Syneos Health:
Insights into the needs of globally dispersed employees

Key takeaways:

Sector: Syneos Health® (Nasdaq:SYNH) is the only fully integrated biopharmaceutical solutions organization purpose-built to accelerate customer success.
Survey conducted: June 2021
Target population: 10,000+ employees, 152 buildings across 59 countries
Workplace lifecycle stage: Workplace reinvention and footprint optimization
Leesman survey deployed: Global Home Working Experience Survey

Leesman home working benchmark H-Lmi: 75.1
Syneos Health global home working H-Lmi 79.3

Syneos Health Av top quarter H-Lmi: 97.9
Av bottom quarter H-Lmi: 54.4

Syneos Health is a diverse multinational organisation operating in ~70 countries. With around half of employees not assigned to an office pre-pandemic, Syneos Health believed it was a step ahead of other companies when the pandemic struck, and the world went into lockdown in 2020.

The assumption was that with so many staff members already working remotely, mass home working would be less of a challenge for the organisation compared to others that were predominantly office bound five days per week.

Regardless, Syneos Health deployed a global Home Working Survey in June 2021, to conduct a complete assessment of their employees’ experiences around the world and the results were both enlightening and often unexpected.

Leesman surveyed 10,694 employees in 59 countries. A key finding was the variation in home working performance between different countries. South Africa, the United States, Portugal, Slovakia, China and Mexico all did extremely well. On the other end of the spectrum of home working experience were Malaysia, Hong Kong, Chile, Sweden, Denmark, Japan, Taiwan, Singapore and Finland. Some of these results took the organisation by surprise.

For example, in Japan, the majority of employees work in remote-based roles on healthcare sites, therefore, managers expected that they would be less inclined to go into offices. In addition, the team expected the data to show a diminished need for employees who travel for work to be in the office. However, the survey revealed Japanese employees wanted to be back in the office. Patrick Hoffman, Senior Vice President of Corporate Real Estate & Services, commented: “They want to be part of a community of collaborators in the office, and we were glad to see this feedback”.

South Africa was another eye-opener.

Syneos Health had believed the South African office to be an ideal working space and assumed employees would be eager to return. Yet the country produced an impressively high home working performance score revealing that many were having an excellent experience at home.

A possible answer suggested by the data, showed that South African employees typically worked in biostats, a focused role that benefits from quiet, undisturbed surroundings and with a slightly lower role complexity that other functions. Hoffman commented: “the team applies statistical techniques to scientific research. Then all of a sudden, it clicked.
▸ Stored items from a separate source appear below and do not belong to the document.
definition shift_transitive :: "(int \<Rightarrow> nat) set \<Rightarrow> bool" where
  "shift_transitive Sig \<longleftrightarrow> (\<forall>\<omega>1\<in>Sig. \<forall>\<omega>2\<in>Sig. \<forall>m::nat. \<exists>\<omega>\<in>Sig. \<exists>k::nat.
      (\<forall>j. \<bar>j\<bar> \<le> int m \<longrightarrow> \<omega> j = \<omega>1 j) \<and>
      (\<forall>j. \<bar>j\<bar> \<le> int m \<longrightarrow> \<omega> (j + int k) = \<omega>2 j))"

definition Sigma_space :: "(int \<Rightarrow> nat) set \<Rightarrow> (int \<Rightarrow> nat) measure" where
  "Sigma_space Sig = restrict_space (Pi\<^sub>M UNIV (\<lambda>_::int. count_space (UNIV::nat set))) Sig"

text \<open>phi_n: the function whose graph is F^n(Gamma).
  phi_n(w) = f_{w_{-1}} o ... o f_{w_{-n}} (phi(shift^{-n} w)).\<close>
fun iter_graph :: "(nat \<Rightarrow> real \<Rightarrow> real) \<Rightarrow> ((int \<Rightarrow> nat) \<Rightarrow> real) \<Rightarrow> nat \<Rightarrow> (int \<Rightarrow> nat) \<Rightarrow> real" where
  "iter_graph f \<phi> 0 \<omega> = \<phi> \<omega>"
| "iter_graph f \<phi> (Suc n) \<omega> = f (\<omega> (-1)) (iter_graph f \<phi> n (shift_inv \<omega>))"

end

theory Submission
  imports Defs
begin

(* Write phi_n = iter_graph f phi n, so that phi_{n+1}(w) = f_{w_{-1}}(phi_n(shift_inv w)).
   Every fibre map f_k is a strictly increasing self-map of I = [0,1]; hence the drift inequality
   phi < phi_1 (or phi > phi_1) propagates along this recursion, and for each w the sequence
   phi_n(w) is monotone in I and converges to a limit psi(w).
   Unwinding the recursion, phi_n(w) depends only on w_{-n},...,w_{-1} and on the coordinates
   j - n with j in a set J of coordinates on which phi depends.  For J = [-M,M] this window is
   finite, so phi_n is a finite combination of cylinder indicators and psi is measurable as a
   pointwise limit; for n > M the window lies in the past {j <= -1}, so psi ignores the future.
   Finally phi_{n+1}(shift w) = f_{w_0}(phi_n(w)), and continuity of f_{w_0} (it is differentiable)
   gives the invariance psi(shift w) = f_{w_0}(psi(w)). *)

definition depends_only_on :: "(int \<Rightarrow> nat) set \<Rightarrow> int set \<Rightarrow> ((int \<Rightarrow> nat) \<Rightarrow> 'a) \<Rightarrow> bool" where
  "depends_only_on S J g \<longleftrightarrow> (\<forall>\<omega>\<in>S. \<forall>\<omega>'\<in>S. (\<forall>j\<in>J. \<omega> j = \<omega>' j) \<longrightarrow> g \<omega> = g \<omega>')"

lemma depends_only_onD:
  "depends_only_on S J g \<Longrightarrow> \<omega> \<in> S \<Longrightarrow> \<omega>' \<in> S \<Longrightarrow> (\<And>j. j \<in> J \<Longrightarrow> \<omega> j = \<omega>' j) \<Longrightarrow> g \<omega> = g \<omega>'"
  unfolding depends_only_on_def by blast

lemma depends_only_on_mono: "depends_only_on S J g \<Longrightarrow> J \<subseteq> K \<Longrightarrow> depends_only_on S K g"
  unfolding depends_only_on_def by blast

lemma space_Sigma_space: "space (Sigma_space Sig) = Sig"
  unfolding Sigma_space_def by (simp add: space_restrict_space space_PiM)

lemma cylinder_indicator_measurable:
  fixes J :: "int set" and x :: "int \<Rightarrow> nat" and c :: real
  assumes "finite J"
  shows "(\<lambda>\<omega>. if (\<forall>j\<in>J. \<omega> j = x j) then c else 0) \<in> borel_measurable (Sigma_space Sig)"
  unfolding Sigma_space_def
  by (rule measurable_restrict_space1) (use assms in measurable)
(* There is no binary self-orthogonal $[54,6,26]$ code.
   Context: A binary linear code $C$ is self-orthogonal if $C\subseteq C^\perp$. *)

theory Defs
  imports "HOL-Analysis.Analysis" "HOL-Library.Z2" "HOL-Library.Numeral_Type"
begin

text \<open>Binary vectors of length n are elements of bit ^ 'n (with CARD('n) = n);
  bit is the two-element field GF(2). A binary linear code is a linear subspace.\<close>

definition binary_linear_code :: "(bit ^ 'n) set \<Rightarrow> bool" where
  "binary_linear_code C \<longleftrightarrow> vec.subspace C"

definition code_length :: "(bit ^ 'n) set \<Rightarrow> nat" where
  "code_length C = CARD('n)"

definition code_dimension :: "(bit ^ 'n) set \<Rightarrow> nat" where
  "code_dimension C = vec.dim C"

definition hamming_dist :: "bit ^ 'n \<Rightarrow> bit ^ 'n \<Rightarrow> nat" where
  "hamming_dist x y = card {i. x $ i \<noteq> y $ i}"

definition min_distance :: "(bit ^ 'n) set \<Rightarrow> nat" where
  "min_distance C = Min {hamming_dist x y | x y. x \<in> C \<and> y \<in> C \<and> x \<noteq> y}"

definition dot :: "bit ^ 'n \<Rightarrow> bit ^ 'n \<Rightarrow> bit" where
  "dot x y = (\<Sum>i\<in>UNIV. x $ i * y $ i)"

definition dual_code :: "(bit ^ 'n) set \<Rightarrow> (bit ^ 'n) set" where
  "dual_code C = {y. \<forall>x\<in>C. dot x y = 0}"

definition self_orthogonal :: "(bit ^ 'n) set \<Rightarrow> bool" where
  "self_orthogonal C \<longleftrightarrow> C \<subseteq> dual_code C"

end

theory Submission
  imports Defs
begin

text \<open>In a self-orthogonal binary code every weight is even, and since
  wt(x + y) = wt x + wt y - 2 |supp x \<inter> supp y| with an even overlap, weights add modulo 4.
  Hence the doubly-even codewords form a subcode D of index at most 2, so a [54,6,26] code
  would give |D| \<ge> 32. But every nonzero word of D has weight at least 28, and the
  Plotkin averaging argument (each coordinate is 1 in at most half of the words of D) gives
  28 (|D| - 1) \<le> 27 |D|, i.e. |D| \<le> 28.\<close>

lemma UNIV_bit: "UNIV = {0, 1 :: bit}"
  by (auto intro: bit.exhaust)

instance bit :: finite
  by standard (simp only: UNIV_bit finite.emptyI finite_insert)

lemma card_UNIV_bit: "CARD(bit) = 2"
  unfolding UNIV_bit by simp

lemma card_span_independent:
  fixes B :: "('a::{field,finite} ^ 'n) set"
  assumes indep: "vec.independent B"
  shows "card (vec.span B) = CARD('a) ^ card B"
proof -
  have fin: "finite B"
    using indep vec.independent_explicit by blast
  define comb where "comb u = (\<Sum>v\<in>B. u v *s v)" for u :: "'a ^ 'n \<Rightarrow> 'a"
  have "vec.span B = range comb"
    using vec.span_finite[OF fin] by (simp add: comb_def)
  also have "\<dots> = comb ` (B \<rightarrow>\<^sub>E UNIV)"
  proof (intro equalityI subsetI)
    fix w assume "w \<in> range comb"
    then obtain u where "w = comb u" by blast
    moreover have "comb u = comb (restrict u B)"
      unfolding comb_def by (rule sum.cong) auto
    ultimately show "w \<in> comb ` (B \<rightarrow>\<^sub>E UNIV)" by auto
  qed auto
  finally have span_eq: "vec.span B = comb ` (B \<rightarrow>\<^sub>E UNIV)" .
  have "inj_on comb (B \<rightarrow>\<^sub>E UNIV)"
  proof (rule inj_onI)
    fix u u' assume u: "u \<in> B \<rightarrow>\<^sub>E UNIV" and u': "u' \<in> B \<rightarrow>\<^sub>E UNIV" and eq: "comb u = comb u'"
    have "(\<Sum>v\<in>B. (u v - u' v) *s v) = comb u - comb u'"
      unfolding comb_def by (simp add: vec.scale_left_diff_distrib sum_subtractf)
    then have zero: "(\<Sum>v\<in>B. (u v - u' v) *s v) = 0"
      using eq by simp
    have "u v - u' v = 0" if "v \<in> B" for v
      by (rule vec.independentD[OF indep fin subset_refl zero that])
    then show "u = u'"
      using u u' by (auto intro: PiE_ext)
  qed
  then have "card (vec.span B) = card (B \<rightarrow>\<^sub>E (UNIV :: 'a set))"
    by (simp add: span_eq card_image)
  also have "\<dots> = CARD('a) ^ card B"
    by (simp add: card_PiE fin)
  finally show ?thesis .
qed

lemma card_subspace:
  fixes C :: "('a::{field,finite} ^ 'n) set"
  assumes "vec.subspace C"
  shows "card C = CARD('a) ^ vec.dim C"
proof -
  obtain B where "B \<subseteq> C" "vec.independent B" "C \<subseteq> vec.span B" "card B = vec.dim C"
    using vec.basis_exists by blast
  moreover have "vec.span B = C"
    using assms \<open>B \<subseteq> C\<close> \<open>C \<subseteq> vec.span B\<close> vec.span_subspace by blast
  ultimately show ?thesis
    using card_span_independent by metis
qed

definition hamming_weight :: "bit ^ 'n \<Rightarrow> nat" where
  "hamming_weight x = card {i. x $ i = 1}"

lemma hamming_dist_zero_right: "hamming_dist x 0 = hamming_weight x"
  by (simp add: hamming_dist_def hamming_weight_def)

lemma card_eq_sum_indicator: "card {i. P i} = (\<Sum>i\<in>UNIV. if P i then 1 else 0)"
  for P :: "'n::finite \<Rightarrow> bool"
  by (simp add: sum.If_cases)

lemma dot_eq_of_nat_card: "dot x y = of_nat (card {i. x $ i = 1 \<and> y $ i = 1})"
proof -
  have "x $ i * y $ i = (if x $ i = 1 \<and> y $ i = 1 then 1 else 0)" for i
    by (cases "x $ i"; cases "y $ i") auto
  then show ?thesis
    unfolding dot_def by (simp add: sum.If_cases)
qed

lemma of_nat_bit_eq_0_iff: "(of_nat n :: bit) = 0 \<longleftrightarrow> even n"
  by (induction n) auto

lemma hamming_weight_add:
  "hamming_weight (x + y) + 2 * card {i. x $ i = 1 \<and> y $ i = 1} = hamming_weight x + hamming_weight y"
proof -
  have pointwise: "(if (x + y) $ i = 1 then 1 else 0) + 2 * (if x $ i = 1 \<and> y $ i = 1 then 1 else 0)
      = (if x $ i = 1 then 1 else 0) + (if y $ i = 1 then 1 else (0::nat))" for i
    by (cases "x $ i"; cases "y $ i") auto
  have "hamming_weight (x + y) + 2 * card {i. x $ i = 1 \<and> y $ i = 1}
      = (\<Sum>i\<in>UNIV. (if (x + y) $ i = 1 then 1 else 0) + 2 * (if x $ i = 1 \<and> y $ i = 1 then 1 else 0))"
    unfolding hamming_weight_def card_eq_sum_indicator by (simp only: sum.distrib sum_distrib_left)
  also have "\<dots> = (\<Sum>i\<in>UNIV. (if x $ i = 1 then 1 else 0) + (if y $ i = 1 then 1 else 0))"
    by (simp only: pointwise)
  also have "\<dots> = hamming_weight x + hamming_weight y"
    unfolding hamming_weight_def card_eq_sum_indicator by (simp only: sum.distrib)
  finally show ?thesis .
qed

lemma even_hamming_weight_if_dot_self: "dot x x = 0 \<Longrightarrow> even (hamming_weight x)"
  by (simp add: dot_eq_of_nat_card of_nat_bit_eq_0_iff hamming_weight_def)

lemma hamming_weight_add_mod_4:
  assumes "dot x y = 0"
  shows "hamming_weight (x + y) mod 4 = (hamming_weight x + hamming_weight y) mod 4"
proof -
  obtain k where "card {i. x $ i = 1 \<and> y $ i = 1} = 2 * k"
    using assms by (auto simp: dot_eq_of_nat_card of_nat_bit_eq_0_iff)
  then have "hamming_weight (x + y) + 4 * k = hamming_weight x + hamming_weight y"
    using hamming_weight_add[of x y] by simp
  then show ?thesis
    by (metis mod_mult_self2)
qed

lemma self_orthogonalD: "self_orthogonal C \<Longrightarrow> x \<in> C \<Longrightarrow> y \<in> C \<Longrightarrow> dot x y = 0"
  unfolding self_orthogonal_def dual_code_def by blast

lemma min_distance_le_hamming_weight:
  assumes "vec.subspace C" "x \<in> C" "x \<noteq> 0"
  shows "min_distance C \<le> hamming_weight x"
proof -
  let ?dists = "{hamming_dist x y | x y. x \<in> C \<and> y \<in> C \<and> x \<noteq> y}"
  have "finite ?dists"
    by (rule finite_subset[of _ "case_prod hamming_dist ` UNIV"]) auto
  moreover have "hamming_dist x 0 \<in> ?dists"
    using assms vec.subspace_0 by blast
  ultimately show ?thesis
    unfolding min_distance_def hamming_dist_zero_right[symmetric] by (rule Min_le)
qed

definition doubly_even_subcode :: "(bit ^ 'n) set \<Rightarrow> (bit ^ 'n) set" where
  "doubly_even_subcode C = {x \<in> C. 4 dvd hamming_weight x}"

lemma doubly_even_subcode_add:
  assumes "vec.subspace C" "self_orthogonal C"
    and "x \<in> doubly_even_subcode C" "y \<in> doubly_even_subcode C"
  shows "x + y \<in> doubly_even_subcode C"
  using assms hamming_weight_add_mod_4[OF self_orthogonalD[OF assms(2)], of x y]
  by (auto simp: doubly_even_subcode_def vec.subspace_add mod_eq_0_iff_dvd[symmetric] mod_add_eq[symmetric])

lemma card_le_twice_card_doubly_even_subcode:
  assumes sub: "vec.subspace C" and orth: "self_orthogonal C"
  shows "card C \<le> 2 * card (doubly_even_subcode C)"
proof (cases "C \<subseteq> doubly_even_subcode C")
  case True
  then show ?thesis
    using card_mono[OF finite True] by linarith
next
  case False
  let ?D = "doubly_even_subcode C"
  obtain a where a: "a \<in> C" "a \<notin> ?D"
    using False by blast
  have "(\<lambda>x. x + a) ` (C - ?D) \<subseteq> ?D"
  proof clarify
    fix x assume x: "x \<in> C" "x \<notin> ?D"
    have "even (hamming_weight x)" "even (hamming_weight a)"
      using x(1) a(1) by (simp_all add: even_hamming_weight_if_dot_self self_orthogonalD[OF orth])
    moreover have "\<not> 4 dvd hamming_weight x" "\<not> 4 dvd hamming_weight a"
      using x a by (simp_all add: doubly_even_subcode_def)
    ultimately have "hamming_weight x mod 4 = 2" "hamming_weight a mod 4 = 2"
      by presburger+
    then have "hamming_weight (x + a) mod 4 = 0"
      using hamming_weight_add_mod_4[OF self_orthogonalD[OF orth x(1) a(1)]] by (simp add: mod_add_eq[symmetric])
    then show "x + a \<in> ?D"
      using sub x(1) a(1) by (auto simp: doubly_even_subcode_def vec.subspace_add)
  qed
  then have "card (C - ?D) \<le> card ?D"
    by (rule card_inj_on_le[OF inj_on_add']) simp
  moreover have "card C = card ?D + card (C - ?D)"
  proof -
    have "?D \<subseteq> C"
      by (auto simp: doubly_even_subcode_def)
    then show ?thesis
      by (simp add: card_Diff_subset card_mono)
  qed
  ultimately show ?thesis
    by simp
qed

lemma card_coordinate_one_le_half:
  fixes D :: "(bit ^ 'n) set"
  assumes add: "\<And>x y. x \<in> D \<Longrightarrow> y \<in> D \<Longrightarrow> x + y \<in> D"
  shows "2 * card {x \<in> D. x $ i = 1} \<le> card D"
proof (cases "\<exists>a\<in>D. a $ i = 1")
  case True
  then obtain a where a: "a \<in> D" "a $ i = 1"
    by blast
  have "(\<lambda>x. x + a) ` {x \<in> D. x $ i = 1} \<subseteq> {x \<in> D. x $ i \<noteq> 1}"
    using a add by auto
  then have "card {x \<in> D. x $ i = 1} \<le> card {x \<in> D. x $ i \<noteq> 1}"
    by (rule card_inj_on_le[OF inj_on_add']) simp
  moreover have "card {x \<in> D. x $ i = 1} + card {x \<in> D. x $ i \<noteq> 1} = card D"
    by (subst card_Un_disjoint[symmetric]) (auto intro: arg_cong[where f = card])
  ultimately show ?thesis
    by linarith
next
  case False
  then have "{x \<in> D. x $ i = 1} = {}"
    by blast
  then show ?thesis
    by (simp only: card.empty mult_0_right le0)
qed

lemma sum_hamming_weight_le:
  fixes D :: "(bit ^ 'n) set"
  assumes add: "\<And>x y. x \<in> D \<Longrightarrow> y \<in> D \<Longrightarrow> x + y \<in> D"
  shows "2 * (\<Sum>x\<in>D. hamming_weight x) \<le> CARD('n) * card D"
proof -
  have "(\<Sum>x\<in>D. hamming_weight x) = (\<Sum>x\<in>D. \<Sum>i\<in>UNIV. if x $ i = 1 then 1 else 0)"
    unfolding hamming_weight_def card_eq_sum_indicator ..
  also have "\<dots> = (\<Sum>i\<in>UNIV. card {x \<in> D. x $ i = 1})"
    by (subst sum.swap) (simp add: sum.If_cases Int_def conj_commute)
  finally have "2 * (\<Sum>x\<in>D. hamming_weight x) = (\<Sum>i\<in>UNIV. 2 * card {x \<in> D. x $ i = 1})"
    by (simp add: sum_distrib_left)
  also have "\<dots> \<le> (\<Sum>i\<in>(UNIV :: 'n set). card D)"
    by (rule sum_mono) (rule card_coordinate_one_le_half[OF add])
  finally show ?thesis
    by simp
qed

lemma plotkin_bound:
  fixes D :: "(bit ^ 'n) set"
  assumes add: "\<And>x y. x \<in> D \<Longrightarrow> y \<in> D \<Longrightarrow> x + y \<in> D"
    and min_weight: "\<And>x. x \<in> D \<Longrightarrow> x \<noteq> 0 \<Longrightarrow> d \<le> hamming_weight x"
  shows "2 * d * (card D - 1) \<le> CARD('n) * card D"
proof -
  have "d * (card D - 1) \<le> d * card (D - {0})"
    using diff_card_le_card_Diff[of "{0}" D] by simp
  also have "\<dots> = (\<Sum>x\<in>D - {0}. d)"
    by simp
  also have "\<dots> \<le> (\<Sum>x\<in>D - {0}. hamming_weight x)"
    by (rule sum_mono) (simp add: min_weight)
  also have "\<dots> \<le> (\<Sum>x\<in>D. hamming_weight x)"
    by (rule sum_mono2) auto
  finally show ?thesis
    using sum_hamming_weight_le[OF add] by linarith
qed

theorem corollary6p6:
  shows "\<not> (\<exists>C :: (bit ^ 54) set. binary_linear_code C \<and> code_length C = 54 \<and>
            code_dimension C = 6 \<and> min_distance C = 26 \<and> self_orthogonal C)"
proof
  assume "\<exists>C :: (bit ^ 54) set. binary_linear_code C \<and> code_length C = 54 \<and>
            code_dimension C = 6 \<and> min_distance C = 26 \<and> self_orthogonal C"
  then obtain C :: "(bit ^ 54) set" where sub: "vec.subspace C" and dim: "vec.dim C = 6"
    and dist: "min_distance C = 26" and orth: "self_orthogonal C"
    unfolding binary_linear_code_def code_dimension_def by blast
  define D where "D = doubly_even_subcode C"
  have "64 \<le> 2 * card D"
    using card_subspace[OF sub] card_le_twice_card_doubly_even_subcode[OF sub orth]
    by (simp add: dim card_UNIV_bit D_def)
  moreover have "28 \<le> hamming_weight x" if "x \<in> D" "x \<noteq> 0" for x
  proof -
    have "26 \<le> hamming_weight x" "4 dvd hamming_weight x"
      using min_distance_le_hamming_weight[OF sub] dist that by (auto simp: D_def doubly_even_subcode_def)
    then show ?thesis
      by presburger
  qed
  then have "2 * 28 * (card D - 1) \<le> 54 * card D"
    using plotkin_bound[of D 28] doubly_even_subcode_add[OF sub orth] by (simp add: D_def)
  ultimately show False
    by linarith
qed

end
They don’t necessarily collaborate throughout the day, and their work style is well supported at home most of the time”.

In comparing home working performance across different countries, the Leesman survey was able to tease out the positive and negative factors that impacted employee satisfaction within each country. The results have helped Syneos Health understand why some countries managed home working better than others, as well as identify general principles that apply to everyone regardless of location.

For example, it was noticeable that countries considered low performing had a substantially higher percentage of respondents working from a non-specific home setting, such as a dining table, compared to those in high-performing countries. Linked to this is the finding that most of the low-performing countries were in Asia, where space is usually more of a challenge and smaller homes are the norm. This clearly suggests quantity and quality of home work space is a key factor in determining employees’ satisfaction with home working.

Another noticeable finding was the importance of feeling connected to colleagues and the organisation as a whole. There was a significant difference between the level of connection employees felt in low and high performing countries, with those employees in the latter feeling considerably more connected to both their colleagues and organisation, surpassing the global benchmark.

Lessons learned

The Global Home Working survey findings have helped Syneos Health to formulate an effective post-Covid strategy that meets the needs of all their employees. Following the survey, Syneos Health’s HR and real estate teams have worked closely together to develop a hybrid working environment that offers more choice and flexibility.

For example, throughout the pandemic, employees had to make a binary choice on where they worked – home or office, with nothing in between. Now a third option has been created that allows home-based employees to be affiliated with a specific office. This provides opportunities to engage with colleagues and attend office events, such as lunch-and-learns, unplugged sessions hosted by Leaders. Hoffman explains: “HR has been a key partner for us to make sure people feel safe, connected, and welcome to come back to the workplace.”

The insights on the best and worst-performing home-work environments have provided Syneos Health with the knowledge needed to predict the shape of their office footprints going forward, anticipate the materials and infrastructure required by employees, and make a strong business case for investment and expansion.

In the future, Syneos Health plans to utilise Leesman data to conduct a year-on-year comparison and gain feedback on the organisation’s evolving office strategy.